Aim of the exercise:
From the first record to the last, write each one out again exactly.

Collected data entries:

# # #

lemma measure_infinite_cluster_event_translate:
  "measure (bond_perc_measure TYPE('d::finite) p) (infinite_cluster_event TYPE('d) p a)
     = measure (bond_perc_measure TYPE('d) p) (infinite_cluster_event TYPE('d) p 0)"
proof -
  let ?E = "lattice_edges :: (int ^ 'd) set set"
  let ?B = "bond_perc_measure TYPE('d) p"
  define \<Psi> :: "((int ^ 'd) set \<Rightarrow> bool) \<Rightarrow> (int ^ 'd) set \<Rightarrow> bool"
    where "\<Psi> \<omega> = (\<lambda>e\<in>?E. \<omega> (translate_edge a e))" for \<omega>
  have \<Psi>_measurable: "\<Psi> \<in> measurable ?B ?B"
    unfolding \<Psi>_def bond_perc_measure_def
    by (intro measurable_restrict measurable_component_singleton translate_edge_in_lattice_edges)
  have "inj_on (translate_edge a) ?E"
    by (metis inj_on_inverseI translate_edge_neg(2))
  then have \<Psi>_preserving: "distr ?B ?B \<Psi> = ?B"
    unfolding \<Psi>_def bond_perc_measure_def
    using distr_PiM_reindex[of ?E "\<lambda>_. measure_pmf (bernoulli_pmf p)" "translate_edge a" ?E]
    by (simp add: prob_space_measure_pmf translate_edge_in_lattice_edges)
  have "infinite (open_cluster_at \<omega> a) \<longleftrightarrow> infinite (open_cluster_at (\<Psi> \<omega>) 0)" for \<omega>
    using open_cluster_at_translate[of \<omega> 0 a]
    by (simp add: \<Psi>_def open_cluster_at_restrict finite_image_iff)
  then have "infinite_cluster_event TYPE('d) p a = \<Psi> -` infinite_cluster_event TYPE('d) p 0 \<inter> space ?B"
    using measurable_space[OF \<Psi>_measurable] unfolding infinite_cluster_event_def by auto
  then show ?thesis
    using measure_distr[OF \<Psi>_measurable infinite_cluster_event_sets] \<Psi>_preserving by simp
qed

definition bernoulli_coupling :: "real \<Rightarrow> real \<Rightarrow> (bool \<times> bool) pmf" where
  "bernoulli_coupling q p =
     bind_pmf (bernoulli_pmf p) (\<lambda>b. map_pmf (\<lambda>a. (a \<and> b, b)) (bernoulli_pmf (q / p)))"

lemma map_snd_bernoulli_coupling: "map_pmf snd (bernoulli_coupling q p) = bernoulli_pmf p"
  unfolding bernoulli_coupling_def by (simp add: map_bind_pmf map_pmf_comp bind_return_pmf')

lemma map_fst_bernoulli_coupling:
  assumes "0 \<le> q" "q \<le> p" "p \<le> 1" "0 < p"
  shows "map_pmf fst (bernoulli_coupling q p) = bernoulli_pmf q"
proof (rule pmf_eqI)
  fix b :: bool
  have "map_pmf fst (bernoulli_coupling q p)
      = bind_pmf (bernoulli_pmf p) (\<lambda>b. map_pmf (\<lambda>a. a \<and> b) (bernoulli_pmf (q / p)))"
    unfolding bernoulli_coupling_def by (simp add: map_bind_pmf map_pmf_comp)
  then have "pmf (map_pmf fst (bernoulli_coupling q p)) b
      = pmf (bernoulli_pmf (q / p)) b * p + pmf (return_pmf False) b * (1 - p)"
    using assms by (simp add: pmf_bind pmf.map_ident_strong)
  also have "\<dots> = pmf (bernoulli_pmf q) b"
    using assms by (cases b) (auto simp: field_simps)
  finally show "pmf (map_pmf fst (bernoulli_coupling q p)) b = pmf (bernoulli_pmf q) b" .
qed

# # #

Exercise answer:
lemma measure_infinite_cluster_event_translate:
  "measure (bond_perc_measure TYPE('d::finite) p) (infinite_cluster_event TYPE('d) p a)
     = measure (bond_perc_measure TYPE('d) p) (infinite_cluster_event TYPE('d) p 0)"
proof -
  let ?E = "lattice_edges :: (int ^ 'd) set set"
  let ?B = "bond_perc_measure TYPE('d) p"
  define \<Psi> :: "((int ^ 'd) set \<Rightarrow> bool) \<Rightarrow> (int ^ 'd) set \<Rightarrow> bool"
    where "\<Psi> \<omega> = (\<lambda>e\<in>?E. \<omega> (translate_edge a e))" for \<omega>
  have \<Psi>_measurable: "\<Psi> \<in> measurable ?B ?B"
    unfolding \<Psi>_def bond_perc_measure_def
    by (intro measurable_restrict measurable_component_singleton translate_edge_in_lattice_edges)
  have "inj_on (translate_edge a) ?E"
    by (metis inj_on_inverseI translate_edge_neg(2))
  then have \<Psi>_preserving: "distr ?B ?B \<Psi> = ?B"
    unfolding \<Psi>_def bond_perc_measure_def
    using distr_PiM_reindex[of ?E "\<lambda>_. measure_pmf (bernoulli_pmf p)" "translate_edge a" ?E]
    by (simp add: prob_space_measure_pmf translate_edge_in_lattice_edges)
  have "infinite (open_cluster_at \<omega> a) \<longleftrightarrow> infinite (open_cluster_at (\<Psi> \<omega>) 0)" for \<omega>
    using open_cluster_at_translate[of \<omega> 0 a]
    by (simp add: \<Psi>_def open_cluster_at_restrict finite_image_iff)
  then have "infinite_cluster_event TYPE('d) p a = \<Psi> -` infinite_cluster_event TYPE('d) p 0 \<inter> space ?B"
    using measurable_space[OF \<Psi>_measurable] unfolding infinite_cluster_event_def by auto
  then show ?thesis
    using measure_distr[OF \<Psi>_measurable infinite_cluster_event_sets] \<Psi>_preserving by simp
qed

definition bernoulli_coupling :: "real \<Rightarrow> real \<Rightarrow> (bool \<times> bool) pmf" where
  "bernoulli_coupling q p =
     bind_pmf (bernoulli_pmf p) (\<lambda>b. map_pmf (\<lambda>a. (a \<and> b, b)) (bernoulli_pmf (q / p)))"

lemma map_snd_bernoulli_coupling: "map_pmf snd (bernoulli_coupling q p) = bernoulli_pmf p"
  unfolding bernoulli_coupling_def by (simp add: map_bind_pmf map_pmf_comp bind_return_pmf')

lemma map_fst_bernoulli_coupling:
  assumes "0 \<le> q" "q \<le> p" "p \<le> 1" "0 < p"
  shows "map_pmf fst (bernoulli_coupling q p) = bernoulli_pmf q"
proof (rule pmf_eqI)
  fix b :: bool
  have "map_pmf fst (bernoulli_coupling q p)
      = bind_pmf (bernoulli_pmf p) (\<lambda>b. map_pmf (\<lambda>a. a \<and> b) (bernoulli_pmf (q / p)))"
    unfolding bernoulli_coupling_def by (simp add: map_bind_pmf map_pmf_comp)
  then have "pmf (map_pmf fst (bernoulli_coupling q p)) b
      = pmf (bernoulli_pmf (q / p)) b * p + pmf (return_pmf False) b * (1 - p)"
    using assms by (simp add: pmf_bind pmf.map_ident_strong)
  also have "\<dots> = pmf (bernoulli_pmf q) b"
    using assms by (cases b) (auto simp: field_simps)
  finally show "pmf (map_pmf fst (bernoulli_coupling q p)) b = pmf (bernoulli_pmf q) b" .
qed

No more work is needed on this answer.